What to do: Which lines below fall between the one containing "with AE_St_0[OF s]" and the one containing "space_P[OF s] by simp"? Repeat them exactly, counting both of those lines, and add nothing else.

── Dataset excerpts

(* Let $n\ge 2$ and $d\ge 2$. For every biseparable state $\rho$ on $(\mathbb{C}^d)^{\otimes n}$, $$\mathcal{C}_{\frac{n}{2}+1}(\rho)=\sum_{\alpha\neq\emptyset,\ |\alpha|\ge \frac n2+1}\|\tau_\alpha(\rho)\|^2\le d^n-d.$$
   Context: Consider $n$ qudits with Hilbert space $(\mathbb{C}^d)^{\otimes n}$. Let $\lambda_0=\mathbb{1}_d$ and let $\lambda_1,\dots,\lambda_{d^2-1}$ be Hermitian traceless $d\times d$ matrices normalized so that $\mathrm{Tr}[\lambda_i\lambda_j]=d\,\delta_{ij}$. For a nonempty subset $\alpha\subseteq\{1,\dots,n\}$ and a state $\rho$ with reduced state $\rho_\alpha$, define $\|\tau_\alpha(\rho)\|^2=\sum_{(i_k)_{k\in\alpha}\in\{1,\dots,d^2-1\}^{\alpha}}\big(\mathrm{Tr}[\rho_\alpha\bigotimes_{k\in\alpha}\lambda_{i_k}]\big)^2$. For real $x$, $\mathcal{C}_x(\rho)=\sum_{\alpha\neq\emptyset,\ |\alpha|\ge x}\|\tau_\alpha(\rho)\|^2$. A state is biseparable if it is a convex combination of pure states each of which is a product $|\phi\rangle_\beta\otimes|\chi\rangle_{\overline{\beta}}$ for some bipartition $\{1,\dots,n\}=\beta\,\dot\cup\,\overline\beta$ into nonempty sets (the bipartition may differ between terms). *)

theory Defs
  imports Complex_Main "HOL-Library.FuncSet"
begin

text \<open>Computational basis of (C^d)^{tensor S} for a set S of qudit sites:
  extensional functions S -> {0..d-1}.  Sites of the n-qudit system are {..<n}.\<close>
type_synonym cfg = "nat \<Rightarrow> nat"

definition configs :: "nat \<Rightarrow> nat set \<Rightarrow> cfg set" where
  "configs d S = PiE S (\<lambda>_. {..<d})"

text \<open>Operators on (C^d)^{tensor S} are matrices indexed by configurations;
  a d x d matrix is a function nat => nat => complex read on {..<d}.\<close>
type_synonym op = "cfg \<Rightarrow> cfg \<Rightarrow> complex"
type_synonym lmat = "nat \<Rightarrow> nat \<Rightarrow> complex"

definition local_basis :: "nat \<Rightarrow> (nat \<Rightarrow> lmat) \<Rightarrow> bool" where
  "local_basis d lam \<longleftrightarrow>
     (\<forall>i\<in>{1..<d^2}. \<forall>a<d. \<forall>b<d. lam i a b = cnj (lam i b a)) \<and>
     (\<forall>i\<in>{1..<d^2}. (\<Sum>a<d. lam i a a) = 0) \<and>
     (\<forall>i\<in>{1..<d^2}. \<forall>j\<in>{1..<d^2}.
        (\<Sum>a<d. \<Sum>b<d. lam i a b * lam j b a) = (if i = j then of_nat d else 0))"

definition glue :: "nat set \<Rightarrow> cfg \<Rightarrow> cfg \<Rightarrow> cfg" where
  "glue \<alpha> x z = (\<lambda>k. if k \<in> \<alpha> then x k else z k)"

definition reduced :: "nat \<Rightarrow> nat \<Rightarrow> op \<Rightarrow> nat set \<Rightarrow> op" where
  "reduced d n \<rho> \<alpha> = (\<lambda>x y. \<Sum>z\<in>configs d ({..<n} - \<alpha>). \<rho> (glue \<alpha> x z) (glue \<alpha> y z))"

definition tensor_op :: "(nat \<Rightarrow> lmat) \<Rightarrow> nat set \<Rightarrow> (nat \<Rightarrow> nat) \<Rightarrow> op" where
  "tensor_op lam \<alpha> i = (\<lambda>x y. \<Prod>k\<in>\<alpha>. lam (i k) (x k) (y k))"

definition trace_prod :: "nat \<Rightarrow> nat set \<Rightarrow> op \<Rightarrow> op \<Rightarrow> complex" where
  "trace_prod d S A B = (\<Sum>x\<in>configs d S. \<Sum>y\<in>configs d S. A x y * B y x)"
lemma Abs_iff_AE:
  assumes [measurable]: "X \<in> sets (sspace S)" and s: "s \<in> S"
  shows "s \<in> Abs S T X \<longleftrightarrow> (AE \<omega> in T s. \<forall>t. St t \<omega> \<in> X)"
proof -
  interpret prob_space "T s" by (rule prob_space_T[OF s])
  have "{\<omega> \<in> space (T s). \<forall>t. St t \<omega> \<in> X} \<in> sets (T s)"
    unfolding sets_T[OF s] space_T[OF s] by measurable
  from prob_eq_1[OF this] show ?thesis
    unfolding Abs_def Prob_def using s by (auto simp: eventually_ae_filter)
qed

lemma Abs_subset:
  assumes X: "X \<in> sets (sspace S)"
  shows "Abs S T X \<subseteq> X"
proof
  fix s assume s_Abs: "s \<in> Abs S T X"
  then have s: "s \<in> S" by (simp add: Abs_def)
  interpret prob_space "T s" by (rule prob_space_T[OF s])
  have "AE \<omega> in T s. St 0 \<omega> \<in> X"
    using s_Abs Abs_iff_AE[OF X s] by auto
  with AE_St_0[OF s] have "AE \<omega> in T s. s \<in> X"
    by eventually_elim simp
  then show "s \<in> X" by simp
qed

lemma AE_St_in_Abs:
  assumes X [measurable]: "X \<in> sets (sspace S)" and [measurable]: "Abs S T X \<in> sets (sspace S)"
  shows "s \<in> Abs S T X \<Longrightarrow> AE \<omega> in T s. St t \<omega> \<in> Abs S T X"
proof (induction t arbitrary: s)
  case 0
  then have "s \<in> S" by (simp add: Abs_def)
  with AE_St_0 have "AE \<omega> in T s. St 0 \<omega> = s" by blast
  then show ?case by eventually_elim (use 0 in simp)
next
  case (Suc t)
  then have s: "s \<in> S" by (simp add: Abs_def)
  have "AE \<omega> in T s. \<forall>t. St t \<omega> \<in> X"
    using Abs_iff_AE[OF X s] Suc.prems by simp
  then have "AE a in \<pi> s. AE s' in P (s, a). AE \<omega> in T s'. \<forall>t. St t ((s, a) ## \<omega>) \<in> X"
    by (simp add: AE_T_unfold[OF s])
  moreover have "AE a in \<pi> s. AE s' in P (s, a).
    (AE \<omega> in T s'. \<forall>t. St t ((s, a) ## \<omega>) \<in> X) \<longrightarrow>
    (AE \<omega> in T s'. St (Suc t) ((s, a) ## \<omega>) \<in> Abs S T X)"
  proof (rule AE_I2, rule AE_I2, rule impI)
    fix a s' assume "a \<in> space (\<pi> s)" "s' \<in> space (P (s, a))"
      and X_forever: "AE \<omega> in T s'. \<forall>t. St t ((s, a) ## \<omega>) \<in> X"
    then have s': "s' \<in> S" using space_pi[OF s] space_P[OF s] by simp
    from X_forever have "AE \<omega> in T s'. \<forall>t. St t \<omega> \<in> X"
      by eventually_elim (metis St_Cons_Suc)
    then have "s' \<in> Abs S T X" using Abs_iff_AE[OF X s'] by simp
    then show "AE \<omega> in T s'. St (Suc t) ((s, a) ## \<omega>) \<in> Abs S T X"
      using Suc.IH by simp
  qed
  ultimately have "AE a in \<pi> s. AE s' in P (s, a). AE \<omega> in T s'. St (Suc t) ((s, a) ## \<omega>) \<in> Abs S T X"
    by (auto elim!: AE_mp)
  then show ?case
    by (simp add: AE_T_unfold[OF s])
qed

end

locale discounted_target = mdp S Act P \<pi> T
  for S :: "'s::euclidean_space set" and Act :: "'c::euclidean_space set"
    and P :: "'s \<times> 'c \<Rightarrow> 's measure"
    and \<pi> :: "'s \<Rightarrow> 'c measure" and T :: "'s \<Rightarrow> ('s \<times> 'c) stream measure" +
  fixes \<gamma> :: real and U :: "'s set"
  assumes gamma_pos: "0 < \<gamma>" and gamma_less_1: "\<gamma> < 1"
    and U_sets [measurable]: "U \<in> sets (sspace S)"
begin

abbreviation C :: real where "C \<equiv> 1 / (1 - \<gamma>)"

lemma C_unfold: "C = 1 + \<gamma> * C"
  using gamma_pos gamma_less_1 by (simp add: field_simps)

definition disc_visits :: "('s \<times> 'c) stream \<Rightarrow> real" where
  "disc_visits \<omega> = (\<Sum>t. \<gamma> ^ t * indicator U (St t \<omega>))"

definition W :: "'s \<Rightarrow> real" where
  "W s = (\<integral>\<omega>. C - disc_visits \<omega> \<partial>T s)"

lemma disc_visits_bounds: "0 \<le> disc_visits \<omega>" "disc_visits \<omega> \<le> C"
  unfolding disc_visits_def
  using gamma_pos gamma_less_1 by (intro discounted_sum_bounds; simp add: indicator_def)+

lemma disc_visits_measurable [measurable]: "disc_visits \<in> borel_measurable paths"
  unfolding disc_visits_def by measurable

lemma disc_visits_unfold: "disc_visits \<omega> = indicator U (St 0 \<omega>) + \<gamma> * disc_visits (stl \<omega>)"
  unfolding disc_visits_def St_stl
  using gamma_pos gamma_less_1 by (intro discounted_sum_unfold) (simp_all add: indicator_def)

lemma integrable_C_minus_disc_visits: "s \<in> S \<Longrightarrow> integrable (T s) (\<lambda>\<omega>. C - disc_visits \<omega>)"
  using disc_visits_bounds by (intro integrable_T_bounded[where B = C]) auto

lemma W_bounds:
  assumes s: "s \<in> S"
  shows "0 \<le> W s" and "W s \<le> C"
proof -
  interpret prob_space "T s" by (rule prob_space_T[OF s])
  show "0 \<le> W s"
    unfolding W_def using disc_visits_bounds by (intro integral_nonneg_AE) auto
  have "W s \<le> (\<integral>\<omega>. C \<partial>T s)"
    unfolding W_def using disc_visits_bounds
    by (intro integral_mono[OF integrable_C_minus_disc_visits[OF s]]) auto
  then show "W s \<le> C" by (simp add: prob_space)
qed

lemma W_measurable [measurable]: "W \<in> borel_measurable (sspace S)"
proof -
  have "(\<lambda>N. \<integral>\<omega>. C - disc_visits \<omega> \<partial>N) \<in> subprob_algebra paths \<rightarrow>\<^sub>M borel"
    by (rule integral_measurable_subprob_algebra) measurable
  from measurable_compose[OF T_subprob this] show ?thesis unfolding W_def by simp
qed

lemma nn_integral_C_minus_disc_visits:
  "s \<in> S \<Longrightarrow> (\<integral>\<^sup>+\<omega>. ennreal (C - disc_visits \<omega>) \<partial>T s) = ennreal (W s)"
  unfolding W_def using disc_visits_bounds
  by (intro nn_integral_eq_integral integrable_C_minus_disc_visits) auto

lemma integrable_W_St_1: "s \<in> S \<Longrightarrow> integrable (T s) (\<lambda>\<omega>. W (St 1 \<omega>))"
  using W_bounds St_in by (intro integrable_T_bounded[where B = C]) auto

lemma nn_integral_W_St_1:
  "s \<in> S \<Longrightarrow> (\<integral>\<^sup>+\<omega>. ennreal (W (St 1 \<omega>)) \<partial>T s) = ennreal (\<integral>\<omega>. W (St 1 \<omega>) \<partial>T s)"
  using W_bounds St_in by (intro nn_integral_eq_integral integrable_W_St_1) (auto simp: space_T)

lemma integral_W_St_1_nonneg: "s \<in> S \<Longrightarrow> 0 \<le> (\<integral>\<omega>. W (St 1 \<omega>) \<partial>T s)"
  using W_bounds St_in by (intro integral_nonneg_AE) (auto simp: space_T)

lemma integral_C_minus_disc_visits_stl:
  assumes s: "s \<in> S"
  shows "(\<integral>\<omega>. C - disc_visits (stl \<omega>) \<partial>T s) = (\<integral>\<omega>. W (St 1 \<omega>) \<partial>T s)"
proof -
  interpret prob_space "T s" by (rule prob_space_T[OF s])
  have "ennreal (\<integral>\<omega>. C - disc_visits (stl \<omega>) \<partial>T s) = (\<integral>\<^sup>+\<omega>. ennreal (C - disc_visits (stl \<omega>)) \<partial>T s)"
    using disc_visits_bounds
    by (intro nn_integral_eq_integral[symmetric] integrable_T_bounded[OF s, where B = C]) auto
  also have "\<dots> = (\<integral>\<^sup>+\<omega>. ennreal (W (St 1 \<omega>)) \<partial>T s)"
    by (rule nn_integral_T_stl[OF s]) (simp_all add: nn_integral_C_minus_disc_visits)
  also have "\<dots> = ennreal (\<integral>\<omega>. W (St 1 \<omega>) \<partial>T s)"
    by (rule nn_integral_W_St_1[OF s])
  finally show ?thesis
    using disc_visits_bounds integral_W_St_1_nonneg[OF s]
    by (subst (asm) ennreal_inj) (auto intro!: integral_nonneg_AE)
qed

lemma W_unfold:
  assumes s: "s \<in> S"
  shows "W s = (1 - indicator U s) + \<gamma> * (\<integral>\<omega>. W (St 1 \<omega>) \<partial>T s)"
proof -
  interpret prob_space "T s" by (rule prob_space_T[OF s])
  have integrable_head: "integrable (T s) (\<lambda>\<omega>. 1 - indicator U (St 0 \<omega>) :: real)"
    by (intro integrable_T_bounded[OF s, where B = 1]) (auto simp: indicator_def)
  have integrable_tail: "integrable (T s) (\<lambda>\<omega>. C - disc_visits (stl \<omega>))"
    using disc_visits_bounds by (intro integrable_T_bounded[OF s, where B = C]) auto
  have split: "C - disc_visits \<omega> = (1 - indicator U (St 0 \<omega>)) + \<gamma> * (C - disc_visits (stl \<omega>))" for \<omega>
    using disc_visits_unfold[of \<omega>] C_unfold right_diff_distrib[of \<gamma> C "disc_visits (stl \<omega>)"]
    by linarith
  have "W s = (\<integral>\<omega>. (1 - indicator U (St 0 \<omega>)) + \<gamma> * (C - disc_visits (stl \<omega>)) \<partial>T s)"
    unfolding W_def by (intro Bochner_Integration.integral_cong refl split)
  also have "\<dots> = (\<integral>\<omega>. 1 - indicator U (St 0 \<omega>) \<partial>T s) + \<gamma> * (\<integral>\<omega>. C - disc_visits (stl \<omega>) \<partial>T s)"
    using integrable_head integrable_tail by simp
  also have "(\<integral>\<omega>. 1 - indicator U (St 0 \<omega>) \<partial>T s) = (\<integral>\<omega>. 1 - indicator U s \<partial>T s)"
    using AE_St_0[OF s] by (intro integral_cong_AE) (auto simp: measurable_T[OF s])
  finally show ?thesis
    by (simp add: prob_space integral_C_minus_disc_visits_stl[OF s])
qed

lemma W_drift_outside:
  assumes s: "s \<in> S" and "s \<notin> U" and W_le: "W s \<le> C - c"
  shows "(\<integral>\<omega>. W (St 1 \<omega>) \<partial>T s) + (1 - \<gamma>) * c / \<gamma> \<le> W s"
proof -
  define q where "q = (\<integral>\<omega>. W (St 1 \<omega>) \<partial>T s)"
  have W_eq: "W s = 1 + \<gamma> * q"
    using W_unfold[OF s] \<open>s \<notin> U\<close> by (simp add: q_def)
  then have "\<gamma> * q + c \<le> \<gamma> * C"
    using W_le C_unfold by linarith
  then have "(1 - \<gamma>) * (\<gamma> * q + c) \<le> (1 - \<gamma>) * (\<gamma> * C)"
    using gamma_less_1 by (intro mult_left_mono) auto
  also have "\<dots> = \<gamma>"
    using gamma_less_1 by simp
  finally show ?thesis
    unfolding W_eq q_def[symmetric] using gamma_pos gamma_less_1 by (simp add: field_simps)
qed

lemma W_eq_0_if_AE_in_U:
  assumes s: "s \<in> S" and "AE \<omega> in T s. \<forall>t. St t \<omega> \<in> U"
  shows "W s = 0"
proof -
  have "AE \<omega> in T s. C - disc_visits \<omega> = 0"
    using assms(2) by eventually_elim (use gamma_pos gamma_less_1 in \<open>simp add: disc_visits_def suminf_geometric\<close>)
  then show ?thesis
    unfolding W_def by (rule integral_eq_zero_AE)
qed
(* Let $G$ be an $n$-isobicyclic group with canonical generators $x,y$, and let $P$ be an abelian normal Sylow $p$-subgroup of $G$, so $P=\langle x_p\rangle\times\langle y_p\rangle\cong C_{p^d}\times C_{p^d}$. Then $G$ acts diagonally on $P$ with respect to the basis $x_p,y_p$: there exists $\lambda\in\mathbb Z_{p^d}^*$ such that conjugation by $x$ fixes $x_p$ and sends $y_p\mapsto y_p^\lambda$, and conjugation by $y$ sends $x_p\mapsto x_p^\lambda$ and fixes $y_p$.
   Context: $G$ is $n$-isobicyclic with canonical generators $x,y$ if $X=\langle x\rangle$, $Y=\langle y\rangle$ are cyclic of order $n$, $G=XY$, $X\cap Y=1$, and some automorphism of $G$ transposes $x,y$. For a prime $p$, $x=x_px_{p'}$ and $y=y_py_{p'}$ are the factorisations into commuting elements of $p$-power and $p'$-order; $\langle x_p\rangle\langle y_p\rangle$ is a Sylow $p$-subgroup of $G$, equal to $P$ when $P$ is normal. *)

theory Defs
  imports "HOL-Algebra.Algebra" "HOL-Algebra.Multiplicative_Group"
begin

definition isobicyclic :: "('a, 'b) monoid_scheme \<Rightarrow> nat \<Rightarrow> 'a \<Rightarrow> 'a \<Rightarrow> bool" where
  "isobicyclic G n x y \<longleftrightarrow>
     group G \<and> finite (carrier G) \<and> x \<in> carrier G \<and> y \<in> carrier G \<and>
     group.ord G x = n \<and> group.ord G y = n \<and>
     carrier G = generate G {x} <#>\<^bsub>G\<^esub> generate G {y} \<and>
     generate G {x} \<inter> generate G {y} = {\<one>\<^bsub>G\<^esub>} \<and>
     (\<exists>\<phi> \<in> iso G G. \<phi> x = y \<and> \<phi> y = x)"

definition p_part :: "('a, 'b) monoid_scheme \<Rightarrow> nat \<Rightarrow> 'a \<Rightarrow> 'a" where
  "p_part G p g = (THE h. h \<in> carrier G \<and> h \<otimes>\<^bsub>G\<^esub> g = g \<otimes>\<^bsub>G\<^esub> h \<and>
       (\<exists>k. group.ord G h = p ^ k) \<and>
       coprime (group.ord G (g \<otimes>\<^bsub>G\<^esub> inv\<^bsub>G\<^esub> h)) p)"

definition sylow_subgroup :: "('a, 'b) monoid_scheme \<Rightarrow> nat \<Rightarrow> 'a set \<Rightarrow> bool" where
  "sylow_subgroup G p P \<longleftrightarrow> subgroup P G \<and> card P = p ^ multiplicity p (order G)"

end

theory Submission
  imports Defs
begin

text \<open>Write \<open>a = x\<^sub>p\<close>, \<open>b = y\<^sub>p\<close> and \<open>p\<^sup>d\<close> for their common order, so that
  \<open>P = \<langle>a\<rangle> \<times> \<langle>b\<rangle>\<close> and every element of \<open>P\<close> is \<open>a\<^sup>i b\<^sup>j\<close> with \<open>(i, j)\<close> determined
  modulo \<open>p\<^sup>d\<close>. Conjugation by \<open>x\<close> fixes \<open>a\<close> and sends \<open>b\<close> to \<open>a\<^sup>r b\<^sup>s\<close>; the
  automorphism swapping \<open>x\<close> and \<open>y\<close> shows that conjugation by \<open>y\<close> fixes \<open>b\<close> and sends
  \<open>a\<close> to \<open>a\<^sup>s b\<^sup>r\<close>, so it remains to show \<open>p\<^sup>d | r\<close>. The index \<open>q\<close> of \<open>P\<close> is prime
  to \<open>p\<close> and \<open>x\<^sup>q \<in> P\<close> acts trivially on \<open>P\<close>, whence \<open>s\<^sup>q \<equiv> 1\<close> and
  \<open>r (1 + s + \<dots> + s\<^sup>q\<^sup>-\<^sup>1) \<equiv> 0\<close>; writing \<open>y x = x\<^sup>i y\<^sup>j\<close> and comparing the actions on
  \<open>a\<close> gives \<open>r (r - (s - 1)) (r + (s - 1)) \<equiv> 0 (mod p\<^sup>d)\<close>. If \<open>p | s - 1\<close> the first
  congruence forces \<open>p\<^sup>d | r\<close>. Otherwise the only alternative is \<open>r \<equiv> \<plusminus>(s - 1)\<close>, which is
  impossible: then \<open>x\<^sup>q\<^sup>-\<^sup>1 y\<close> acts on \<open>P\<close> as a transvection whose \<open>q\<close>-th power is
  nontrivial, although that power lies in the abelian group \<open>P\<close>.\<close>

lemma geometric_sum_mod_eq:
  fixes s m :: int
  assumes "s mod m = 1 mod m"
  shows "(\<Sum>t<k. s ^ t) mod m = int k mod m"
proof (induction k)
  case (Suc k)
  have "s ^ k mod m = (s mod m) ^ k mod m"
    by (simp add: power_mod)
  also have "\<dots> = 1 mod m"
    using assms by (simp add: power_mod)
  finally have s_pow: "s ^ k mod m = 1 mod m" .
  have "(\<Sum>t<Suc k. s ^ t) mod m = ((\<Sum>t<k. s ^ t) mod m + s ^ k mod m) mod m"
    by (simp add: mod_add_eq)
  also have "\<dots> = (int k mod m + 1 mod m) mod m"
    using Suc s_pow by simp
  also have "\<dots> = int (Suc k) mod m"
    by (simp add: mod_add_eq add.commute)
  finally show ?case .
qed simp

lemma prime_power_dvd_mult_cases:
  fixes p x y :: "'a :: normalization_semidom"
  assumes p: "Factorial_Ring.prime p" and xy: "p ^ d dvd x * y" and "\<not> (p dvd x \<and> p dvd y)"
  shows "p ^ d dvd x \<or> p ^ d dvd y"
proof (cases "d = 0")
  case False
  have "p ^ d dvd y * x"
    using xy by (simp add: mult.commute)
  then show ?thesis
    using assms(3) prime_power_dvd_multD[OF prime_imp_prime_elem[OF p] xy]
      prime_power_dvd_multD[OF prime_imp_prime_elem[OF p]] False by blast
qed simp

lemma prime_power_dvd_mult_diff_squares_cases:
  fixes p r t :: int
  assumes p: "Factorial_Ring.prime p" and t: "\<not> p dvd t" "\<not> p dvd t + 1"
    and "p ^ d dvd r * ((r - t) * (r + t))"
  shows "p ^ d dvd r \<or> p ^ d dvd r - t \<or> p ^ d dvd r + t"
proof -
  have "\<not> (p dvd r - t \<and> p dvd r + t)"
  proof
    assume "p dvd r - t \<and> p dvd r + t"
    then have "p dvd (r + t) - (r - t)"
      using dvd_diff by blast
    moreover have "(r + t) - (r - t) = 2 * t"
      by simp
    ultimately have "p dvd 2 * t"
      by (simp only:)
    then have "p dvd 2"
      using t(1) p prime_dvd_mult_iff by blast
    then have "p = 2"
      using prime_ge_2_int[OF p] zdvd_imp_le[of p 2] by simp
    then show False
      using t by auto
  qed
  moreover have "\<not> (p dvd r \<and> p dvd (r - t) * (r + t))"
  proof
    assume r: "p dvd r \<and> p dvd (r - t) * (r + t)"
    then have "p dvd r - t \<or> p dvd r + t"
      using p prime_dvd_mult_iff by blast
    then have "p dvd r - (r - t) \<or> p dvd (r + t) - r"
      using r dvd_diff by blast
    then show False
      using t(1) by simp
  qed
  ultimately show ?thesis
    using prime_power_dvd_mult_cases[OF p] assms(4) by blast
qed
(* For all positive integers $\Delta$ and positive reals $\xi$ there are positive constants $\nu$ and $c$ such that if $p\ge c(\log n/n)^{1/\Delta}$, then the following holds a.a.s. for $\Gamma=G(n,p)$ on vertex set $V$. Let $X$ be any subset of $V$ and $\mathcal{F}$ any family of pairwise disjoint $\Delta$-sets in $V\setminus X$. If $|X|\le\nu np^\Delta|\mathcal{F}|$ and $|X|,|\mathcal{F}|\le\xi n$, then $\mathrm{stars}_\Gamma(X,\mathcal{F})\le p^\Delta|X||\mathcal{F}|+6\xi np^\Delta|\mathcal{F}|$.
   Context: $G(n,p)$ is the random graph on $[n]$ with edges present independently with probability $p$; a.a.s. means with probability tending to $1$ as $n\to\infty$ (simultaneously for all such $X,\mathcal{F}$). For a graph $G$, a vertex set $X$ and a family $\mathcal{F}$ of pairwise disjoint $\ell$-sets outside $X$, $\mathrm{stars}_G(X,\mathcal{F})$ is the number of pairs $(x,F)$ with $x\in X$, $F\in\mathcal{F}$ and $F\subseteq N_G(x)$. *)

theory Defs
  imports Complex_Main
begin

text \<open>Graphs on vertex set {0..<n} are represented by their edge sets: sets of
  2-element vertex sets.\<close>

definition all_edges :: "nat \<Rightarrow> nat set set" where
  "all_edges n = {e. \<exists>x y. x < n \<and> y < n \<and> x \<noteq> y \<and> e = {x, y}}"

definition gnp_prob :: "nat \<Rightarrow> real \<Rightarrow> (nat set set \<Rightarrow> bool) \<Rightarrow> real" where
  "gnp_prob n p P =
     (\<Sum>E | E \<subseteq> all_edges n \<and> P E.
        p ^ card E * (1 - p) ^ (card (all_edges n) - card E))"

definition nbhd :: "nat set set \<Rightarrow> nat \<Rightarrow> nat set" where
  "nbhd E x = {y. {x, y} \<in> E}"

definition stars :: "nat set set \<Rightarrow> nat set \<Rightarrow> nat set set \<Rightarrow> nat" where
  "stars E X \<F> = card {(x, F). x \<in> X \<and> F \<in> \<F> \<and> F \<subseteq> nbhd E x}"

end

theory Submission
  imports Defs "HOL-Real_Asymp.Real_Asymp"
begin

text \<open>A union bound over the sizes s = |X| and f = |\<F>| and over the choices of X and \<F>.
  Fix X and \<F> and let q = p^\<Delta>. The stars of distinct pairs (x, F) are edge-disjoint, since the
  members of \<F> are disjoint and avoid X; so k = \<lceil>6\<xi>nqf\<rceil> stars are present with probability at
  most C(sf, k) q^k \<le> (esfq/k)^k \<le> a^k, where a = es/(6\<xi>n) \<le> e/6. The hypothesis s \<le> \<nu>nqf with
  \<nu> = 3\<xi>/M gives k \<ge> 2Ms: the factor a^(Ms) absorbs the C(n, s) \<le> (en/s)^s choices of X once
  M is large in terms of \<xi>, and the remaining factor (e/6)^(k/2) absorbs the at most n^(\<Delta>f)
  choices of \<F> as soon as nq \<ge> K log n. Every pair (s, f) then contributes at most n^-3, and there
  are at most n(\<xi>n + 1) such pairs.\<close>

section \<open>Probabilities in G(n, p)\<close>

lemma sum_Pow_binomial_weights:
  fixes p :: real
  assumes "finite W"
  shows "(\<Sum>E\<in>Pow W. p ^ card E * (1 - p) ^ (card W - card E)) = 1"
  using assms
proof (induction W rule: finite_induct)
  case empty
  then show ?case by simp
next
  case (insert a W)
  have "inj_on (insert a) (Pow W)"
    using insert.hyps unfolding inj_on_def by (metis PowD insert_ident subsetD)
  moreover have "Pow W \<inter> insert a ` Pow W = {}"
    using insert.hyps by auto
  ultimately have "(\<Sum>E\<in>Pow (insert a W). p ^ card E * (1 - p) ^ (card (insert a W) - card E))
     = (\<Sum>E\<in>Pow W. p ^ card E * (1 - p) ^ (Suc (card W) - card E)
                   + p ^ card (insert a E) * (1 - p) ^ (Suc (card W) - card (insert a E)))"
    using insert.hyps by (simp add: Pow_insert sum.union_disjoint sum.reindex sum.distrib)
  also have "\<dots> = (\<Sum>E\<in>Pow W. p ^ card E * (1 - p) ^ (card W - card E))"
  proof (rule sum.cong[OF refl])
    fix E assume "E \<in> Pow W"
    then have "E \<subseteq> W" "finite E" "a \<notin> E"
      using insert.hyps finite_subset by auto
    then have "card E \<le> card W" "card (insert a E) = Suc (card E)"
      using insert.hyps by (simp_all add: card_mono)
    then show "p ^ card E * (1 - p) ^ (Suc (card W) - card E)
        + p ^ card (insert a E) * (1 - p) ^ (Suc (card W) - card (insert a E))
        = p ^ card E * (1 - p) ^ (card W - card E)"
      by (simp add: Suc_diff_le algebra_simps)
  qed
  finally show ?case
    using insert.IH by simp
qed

────

Response for this exercise:
  with AE_St_0[OF s] have "AE \<omega> in T s. s \<in> X"
    by eventually_elim simp
  then show "s \<in> X" by simp
qed

lemma AE_St_in_Abs:
  assumes X [measurable]: "X \<in> sets (sspace S)" and [measurable]: "Abs S T X \<in> sets (sspace S)"
  shows "s \<in> Abs S T X \<Longrightarrow> AE \<omega> in T s. St t \<omega> \<in> Abs S T X"
proof (induction t arbitrary: s)
  case 0
  then have "s \<in> S" by (simp add: Abs_def)
  with AE_St_0 have "AE \<omega> in T s. St 0 \<omega> = s" by blast
  then show ?case by eventually_elim (use 0 in simp)
next
  case (Suc t)
  then have s: "s \<in> S" by (simp add: Abs_def)
  have "AE \<omega> in T s. \<forall>t. St t \<omega> \<in> X"
    using Abs_iff_AE[OF X s] Suc.prems by simp
  then have "AE a in \<pi> s. AE s' in P (s, a). AE \<omega> in T s'. \<forall>t. St t ((s, a) ## \<omega>) \<in> X"
    by (simp add: AE_T_unfold[OF s])
  moreover have "AE a in \<pi> s. AE s' in P (s, a).
    (AE \<omega> in T s'. \<forall>t. St t ((s, a) ## \<omega>) \<in> X) \<longrightarrow>
    (AE \<omega> in T s'. St (Suc t) ((s, a) ## \<omega>) \<in> Abs S T X)"
  proof (rule AE_I2, rule AE_I2, rule impI)
    fix a s' assume "a \<in> space (\<pi> s)" "s' \<in> space (P (s, a))"
      and X_forever: "AE \<omega> in T s'. \<forall>t. St t ((s, a) ## \<omega>) \<in> X"
    then have s': "s' \<in> S" using space_pi[OF s] space_P[OF s] by simp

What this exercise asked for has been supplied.